PROBLEM DESCRIPTION
Restate word for word the lines of the records below, starting at the line that contains "using sums_diff[OF model[OF" and ending at the line that contains "by (subst hermitian_eq_bloch_op[of", with both of those lines included and nothing else.

TASK INPUT
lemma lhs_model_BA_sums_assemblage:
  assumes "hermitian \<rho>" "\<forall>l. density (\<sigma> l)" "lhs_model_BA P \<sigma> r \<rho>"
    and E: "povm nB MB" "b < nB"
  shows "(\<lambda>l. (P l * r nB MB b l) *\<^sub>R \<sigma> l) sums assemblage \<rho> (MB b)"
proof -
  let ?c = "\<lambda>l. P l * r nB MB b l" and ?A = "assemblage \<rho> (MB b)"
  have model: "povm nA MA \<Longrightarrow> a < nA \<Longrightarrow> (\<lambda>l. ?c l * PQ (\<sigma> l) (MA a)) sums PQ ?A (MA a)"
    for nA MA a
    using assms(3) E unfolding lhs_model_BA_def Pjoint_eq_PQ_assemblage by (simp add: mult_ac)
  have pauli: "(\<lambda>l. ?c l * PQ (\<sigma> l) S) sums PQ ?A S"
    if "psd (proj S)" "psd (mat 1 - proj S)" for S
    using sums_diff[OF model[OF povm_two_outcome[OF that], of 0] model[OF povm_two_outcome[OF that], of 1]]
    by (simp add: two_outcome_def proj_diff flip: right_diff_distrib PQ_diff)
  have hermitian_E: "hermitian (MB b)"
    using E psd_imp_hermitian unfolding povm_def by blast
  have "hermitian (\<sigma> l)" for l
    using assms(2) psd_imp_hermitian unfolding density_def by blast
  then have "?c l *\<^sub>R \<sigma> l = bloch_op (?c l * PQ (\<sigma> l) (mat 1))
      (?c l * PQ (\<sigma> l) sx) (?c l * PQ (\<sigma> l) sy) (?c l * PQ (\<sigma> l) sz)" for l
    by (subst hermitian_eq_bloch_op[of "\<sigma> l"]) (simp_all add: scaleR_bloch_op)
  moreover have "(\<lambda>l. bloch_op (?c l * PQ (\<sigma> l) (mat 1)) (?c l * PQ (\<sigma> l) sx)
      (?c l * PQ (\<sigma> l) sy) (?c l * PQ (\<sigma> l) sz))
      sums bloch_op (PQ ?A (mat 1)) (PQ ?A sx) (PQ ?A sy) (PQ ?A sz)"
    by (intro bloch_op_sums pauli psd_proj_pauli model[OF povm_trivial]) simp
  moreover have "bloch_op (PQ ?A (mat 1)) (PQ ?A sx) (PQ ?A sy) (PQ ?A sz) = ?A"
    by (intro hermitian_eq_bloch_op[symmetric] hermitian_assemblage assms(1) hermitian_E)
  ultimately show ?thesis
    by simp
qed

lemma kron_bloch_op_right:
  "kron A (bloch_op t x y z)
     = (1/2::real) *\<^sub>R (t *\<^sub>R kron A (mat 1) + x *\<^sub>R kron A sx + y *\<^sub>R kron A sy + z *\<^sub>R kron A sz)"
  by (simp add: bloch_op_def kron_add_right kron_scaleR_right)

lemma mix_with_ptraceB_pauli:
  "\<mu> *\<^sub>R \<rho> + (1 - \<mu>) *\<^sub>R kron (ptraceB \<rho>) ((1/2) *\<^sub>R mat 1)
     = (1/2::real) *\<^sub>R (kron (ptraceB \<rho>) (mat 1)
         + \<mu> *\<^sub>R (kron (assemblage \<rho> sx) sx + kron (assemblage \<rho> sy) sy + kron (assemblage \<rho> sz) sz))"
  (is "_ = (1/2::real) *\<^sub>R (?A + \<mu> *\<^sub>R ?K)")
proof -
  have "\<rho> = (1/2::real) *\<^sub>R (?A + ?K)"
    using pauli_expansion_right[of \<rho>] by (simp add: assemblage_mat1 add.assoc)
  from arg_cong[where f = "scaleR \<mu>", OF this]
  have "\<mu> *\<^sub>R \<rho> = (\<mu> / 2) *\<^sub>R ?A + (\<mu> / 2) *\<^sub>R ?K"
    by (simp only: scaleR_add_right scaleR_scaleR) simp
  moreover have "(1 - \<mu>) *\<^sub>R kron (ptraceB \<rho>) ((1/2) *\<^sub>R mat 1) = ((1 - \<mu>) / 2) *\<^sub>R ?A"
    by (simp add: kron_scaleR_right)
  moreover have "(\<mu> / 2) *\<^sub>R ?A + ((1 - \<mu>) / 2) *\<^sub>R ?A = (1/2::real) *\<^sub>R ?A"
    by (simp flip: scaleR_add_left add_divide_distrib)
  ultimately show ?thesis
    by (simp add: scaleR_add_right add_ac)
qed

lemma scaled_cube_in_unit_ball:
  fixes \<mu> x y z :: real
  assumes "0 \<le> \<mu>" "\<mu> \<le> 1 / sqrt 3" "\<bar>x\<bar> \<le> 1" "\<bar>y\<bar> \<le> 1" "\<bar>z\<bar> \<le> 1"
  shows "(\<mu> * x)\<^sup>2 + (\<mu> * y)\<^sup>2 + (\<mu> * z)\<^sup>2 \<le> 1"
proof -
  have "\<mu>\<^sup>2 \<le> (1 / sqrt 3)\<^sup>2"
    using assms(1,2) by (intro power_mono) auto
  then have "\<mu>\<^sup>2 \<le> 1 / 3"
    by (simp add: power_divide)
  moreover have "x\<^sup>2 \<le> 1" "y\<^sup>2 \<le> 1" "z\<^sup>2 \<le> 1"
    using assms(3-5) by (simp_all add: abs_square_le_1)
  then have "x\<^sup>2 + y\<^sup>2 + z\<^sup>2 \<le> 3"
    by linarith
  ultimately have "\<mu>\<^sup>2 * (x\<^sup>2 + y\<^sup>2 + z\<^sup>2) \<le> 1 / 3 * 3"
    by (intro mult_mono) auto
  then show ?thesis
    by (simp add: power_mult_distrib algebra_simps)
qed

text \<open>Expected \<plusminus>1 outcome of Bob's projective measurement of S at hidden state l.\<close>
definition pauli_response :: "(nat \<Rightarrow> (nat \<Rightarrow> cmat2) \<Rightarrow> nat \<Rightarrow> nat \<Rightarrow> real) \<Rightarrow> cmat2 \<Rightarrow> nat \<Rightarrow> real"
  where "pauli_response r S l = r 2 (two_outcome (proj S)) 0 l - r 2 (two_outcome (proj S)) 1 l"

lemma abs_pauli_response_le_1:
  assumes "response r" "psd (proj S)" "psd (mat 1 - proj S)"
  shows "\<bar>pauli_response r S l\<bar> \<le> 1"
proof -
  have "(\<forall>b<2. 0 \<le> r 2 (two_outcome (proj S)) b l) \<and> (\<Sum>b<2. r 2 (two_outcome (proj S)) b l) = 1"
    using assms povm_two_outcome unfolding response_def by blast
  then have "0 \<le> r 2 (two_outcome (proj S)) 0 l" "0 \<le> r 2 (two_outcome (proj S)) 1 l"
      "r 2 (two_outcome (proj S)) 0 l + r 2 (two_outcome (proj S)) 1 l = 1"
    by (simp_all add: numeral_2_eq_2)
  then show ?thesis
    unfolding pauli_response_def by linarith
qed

EXPECTED ANSWER
    using sums_diff[OF model[OF povm_two_outcome[OF that], of 0] model[OF povm_two_outcome[OF that], of 1]]
    by (simp add: two_outcome_def proj_diff flip: right_diff_distrib PQ_diff)
  have hermitian_E: "hermitian (MB b)"
    using E psd_imp_hermitian unfolding povm_def by blast
  have "hermitian (\<sigma> l)" for l
    using assms(2) psd_imp_hermitian unfolding density_def by blast
  then have "?c l *\<^sub>R \<sigma> l = bloch_op (?c l * PQ (\<sigma> l) (mat 1))
      (?c l * PQ (\<sigma> l) sx) (?c l * PQ (\<sigma> l) sy) (?c l * PQ (\<sigma> l) sz)" for l
    by (subst hermitian_eq_bloch_op[of "\<sigma> l"]) (simp_all add: scaleR_bloch_op)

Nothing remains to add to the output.